:: Records shown

lemma sum_neighbour_sums:
  fixes a :: "tree3 \<Rightarrow> 'a::comm_semiring_1"
  assumes P: "bipartition P" and A: "finite A" "{z. a z \<noteq> 0} \<subseteq> A"
    and B: "finite B" "\<Union> (neighbours ` A) \<subseteq> B"
  shows "(\<Sum>z | z \<in> B \<and> P z. \<Sum>w\<in>neighbours z. a w) = 3 * (\<Sum>w | w \<in> A \<and> \<not> P w. a w)"
proof -
  let ?C = "{z. z \<in> B \<and> P z}"
  have "(\<Sum>z\<in>?C. \<Sum>w\<in>neighbours z. a w) = (\<Sum>z\<in>?C. \<Sum>w\<in>A. if adj w z then a w else 0)"
  proof (rule sum.cong[OF refl])
    fix z
    have "(\<Sum>w\<in>neighbours z. a w) = (\<Sum>w | w \<in> A \<and> adj w z. a w)"
      using A finite_neighbours by (intro sum.mono_neutral_right) (auto simp: neighbours_def)
    thus "(\<Sum>w\<in>neighbours z. a w) = (\<Sum>w\<in>A. if adj w z then a w else 0)"
      using A by (simp add: sum.inter_filter)
  qed
  also have "\<dots> = (\<Sum>w\<in>A. \<Sum>z\<in>?C. if adj w z then a w else 0)"
    by (rule sum.swap)
  also have "\<dots> = (\<Sum>w\<in>A. if P w then 0 else 3 * a w)"
  proof (rule sum.cong[OF refl])
    fix w assume "w \<in> A"
    have "{z \<in> ?C. adj w z} = (if P w then {} else neighbours w)"
      using P B \<open>w \<in> A\<close> by (auto simp: bipartition_def neighbours_def intro: adj_sym)
    moreover have "(\<Sum>z\<in>?C. if adj w z then a w else 0) = (\<Sum>z\<in>{z \<in> ?C. adj w z}. a w)"
      using B by (simp add: sum.inter_filter[symmetric])
    ultimately show "(\<Sum>z\<in>?C. if adj w z then a w else 0) = (if P w then 0 else 3 * a w)"
      using card_neighbours[of w] by (simp add: sum_constant)
  qed
  also have "\<dots> = (\<Sum>w\<in>A. 3 * (if \<not> P w then a w else 0))"
    by (rule sum.cong) auto
  also have "\<dots> = 3 * (\<Sum>w | w \<in> A \<and> \<not> P w. a w)"
    by (simp only: sum_distrib_left[symmetric] sum.inter_filter[OF A(1)])
  finally show ?thesis .
qed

::::

Your instructions: Each line in the listing either holds the word "intro" or does not. Report how many do, as a bare number.

Answer to this problem: 2